This text is from: Dictionary of Greek and Roman Geography (1854) (ed. William Smith, LLD). Cited September 2004 from The Perseus Project URL below, which contains interesting hyperlinks


Harpers Dictionary of Classical Antiquities

Atropatene

ATROPATENE (Ancient province) IRAN
Atropatene (Atropatene), or Media Atropatia, the northwestern part of Media, adjacent to Armenia, named after Atropates, a native of the country, who, having been made its governor by Alexander, founded there a kingdom, which long remained independent.

BACTRIA (Ancient province) IRAN
Bactria (Baktria) or Bactriana (Baktriane). A province of the Persian Empire, bounded on the south by Mount Paropamisus, which separated it from Ariana; on the east by the northern branch of the same range, which divided it from the Sacae; on the northeast by the Oxus, which separated it from Sogdiana; and on the west by Margiana. It was included in the conquests of Alexander, and formed a part of the kingdom of the Seleucidae until B.C. 255, when Theodotus, its governor, revolted from Autiochus II., and founded the Greek kingdom of Bactria, which lasted till B.C. 134 or 125, when it was overthrown by the Parthians.

Cissia

CISSIA (Ancient area) IRAN
Cissia (Kissia). A very fertile district of Susiana, on the Choaspes. The inhabitants, Cissii, were a wild, free people, resembling the Persians in their manners ( Herod.iii. 91).

Ecbatana

EKVATANA (Ancient city) MIDIA

   (ta Ekbatana; Heb. Acmetha). The capital of Media, situated, according to Diodorus, about twelve stadia from Mount Orontes. The genuine orthography of the word appears to be Agbatana (Agbatana), a form employed by Ctesias. Ecbatana, being in a high and mountainous country, was a favourite residence of the Persian kings during summer, when the heat of Susa was almost insupportable. The Parthian kings also, at a later period, retired to it in the summer to avoid the excessive heat of Ctesiphon. According to Herodotus, Ecbatana was built near the close of the eighth century B.C. by Deioces, the founder of the Median monarchy.

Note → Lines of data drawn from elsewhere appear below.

lemma semistable_coeff_cross_pos:
  assumes p: "semistable p" "lead_coeff p = 1"
    and root: "poly (map_poly of_real p) z = 0" "Re z < 0"
    and not_special: "\<nexists>a h. 0 < a \<and> imaginary_quadratic_product h \<and> p = [:a, 1:] * h"
    and u: "u + 3 \<le> degree p"
  shows "coeff p u * coeff p (u + 3) < coeff p (u + 1) * coeff p (u + 2)"
proof -
  from p(1) root(1) have "0 < cross_diff (int_coeff p) (int u) 1 2"
  proof (cases rule: semistable_factor)
    case (real h)
    have B: "semistable_coeff_seq (int_coeff h)"
      using semistable_coeff_seq_int_coeff[of h] real(1,2) p(2) by simp
    have "0 < coeff h (u + 1)"
    proof (cases "\<exists>w. poly (map_poly of_real h) w = 0 \<and> Re w < 0")
      case True
      then obtain w where "poly (map_poly of_real h) w = 0" "Re w < 0"
        by blast
      then show ?thesis
        using semistable_coeff_pos[of h] real(1-3) p(2) u by simp
    next
      case False
      have "Re w = 0" if "poly (map_poly of_real h) w = 0" for w
        using False that real(1) unfolding semistable_def by force
      then have "imaginary_quadratic_product h"
        using real(1,2) p(2) by (intro semistable_imaginary_quadratic_product) auto
      then show ?thesis
        using not_special real(5,6) by (metis neg_0_less_iff_less)
    qed
    then show ?thesis
      unfolding real(6) int_coeff_linear_mult
      using B root(2)
      by (intro cross_diff_conv_quadratic_pos) (auto simp: int_coeff_def nat_add_distrib)
  next
    case (nonreal h)
    have B: "semistable_coeff_seq (int_coeff h)"
      using semistable_coeff_seq_int_coeff[of h] nonreal(1,2) p(2) by simp
    then have "0 < int_coeff h (int u) \<or> 0 < int_coeff h (int u + 1)"
      using nonreal(2,3) p(2) u
      by (intro semistable_coeff_seq_pair_pos[where n = "int (degree h)"]) auto
    then show ?thesis
      unfolding nonreal(5) int_coeff_quadratic_mult
      using B root(2) nonreal(4)
      by (intro cross_diff_conv_quadratic_pos) (auto simp: add_nonneg_pos)
  qed
  then show ?thesis
    unfolding int_coeff_cross_diff by simp
qed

The Book of Judith assigns the building of this city, or, rather, the erection of its citadel, to Arphaxad, in the twelfth year of the reign of Nebuchadnezzar, king of Assyria. Some writers make Arphaxad the same with Deioces, while others identify him with Phraortes, the son of the latter, who might have repaired the city or else made some additions to it.
    Herodotus furnishes us with no hint whence we may infer the relative position of Ecbatana on the map of Media. His description of the fortress or citadel, however, is particular. "The Medes," he remarks, "in obedience to their king's command, built those spacious and massive fortifications now called Ecbatana, circle within circle, according to the following plan: each inner circle overtops its outer neighbour by the height of the battlements alone. This was effected partly by the nature of the ground, a conical hill, and partly by the building itself. The number of the circles was seven; within the innermost were built the palace and the treasury. The circumference of the outermost wall and of the city of Athens may be regarded as nearly equal. The battlements of the first circle are white; of the second, black; of the third, scarlet; of the fourth, azure; of the fifth, orange. All these are brilliantly coloured with different paints. But the battlements of the sixth circle are silvered over, while those of the seventh are gilt. Deioces constructed these walls around his palace for his own personal safety; but he ordered the people to erect their houses in a circle around the outer wall". The Orientals, however, according to Diodorus Siculus, claimed a far more ancient origin for Ecbatana. Ctesias not only describes it as the capital of the first Median monarchy, founded by Arbaces, but as existing prior to the era of the famed and fabulous Semiramis, who is said to have visited Ecbatana in the course of her royal journeys and to have built there a magnificent palace. She also, with immense labour and expense, introduced abundance of excellent water into the city by perforating the adjacent Mount Orontes, and forming a tunnel, fifteen feet broad and forty feet high, through which she conveyed a lake-stream. The palace stood below the citadel. Its tiles were of silver and its capitals, entablatures, and wainscotings of gold and silver. This metal the Seleucidae coined into money, amounting to the sum of 4000 talents, or $4,730,000.
    Ecbatana was taken by Cyrus in B.C. 549, and remained a splendid city under the Persian sway, the great king spending at this place the two hottest months of the year. The Macedonian conquest did not prove destructive to Ecbatana, as it had to the royal palace at Persepolis. Alexander deposited in Ecbatana the treasures taken from Persepolis and Pasargada, and one of the last acts of his life was a royal visit to the Median capital. Although not equally favoured by the Seleucidae, it still retained the traces of its former grandeur; and Polybius has left on record a description of its state under Antiochus the Great, which shows that Ecbatana was still a splendid city, though it had been despoiled of many of its more costly decorations (Polyb. x. frag. 4). When the Seleucidae were driven from Upper Asia, Ecbatana became the favourite summer residence of the Arsacidae, and at the close of the first century it still continued to be the Parthian capital. When the Persians, under the house of Sassan, A.D. 226, recovered the dominion of Upper Asia, Ecbatana continued to be a favourite and secure place of residence. The natural bulwarks of Mount Zagros were never forced by the Roman legions. Consequently, as we learn from Ammianus Marcellinus, near the close of the fourth century Ecbatana continued to be a strongly fortified city.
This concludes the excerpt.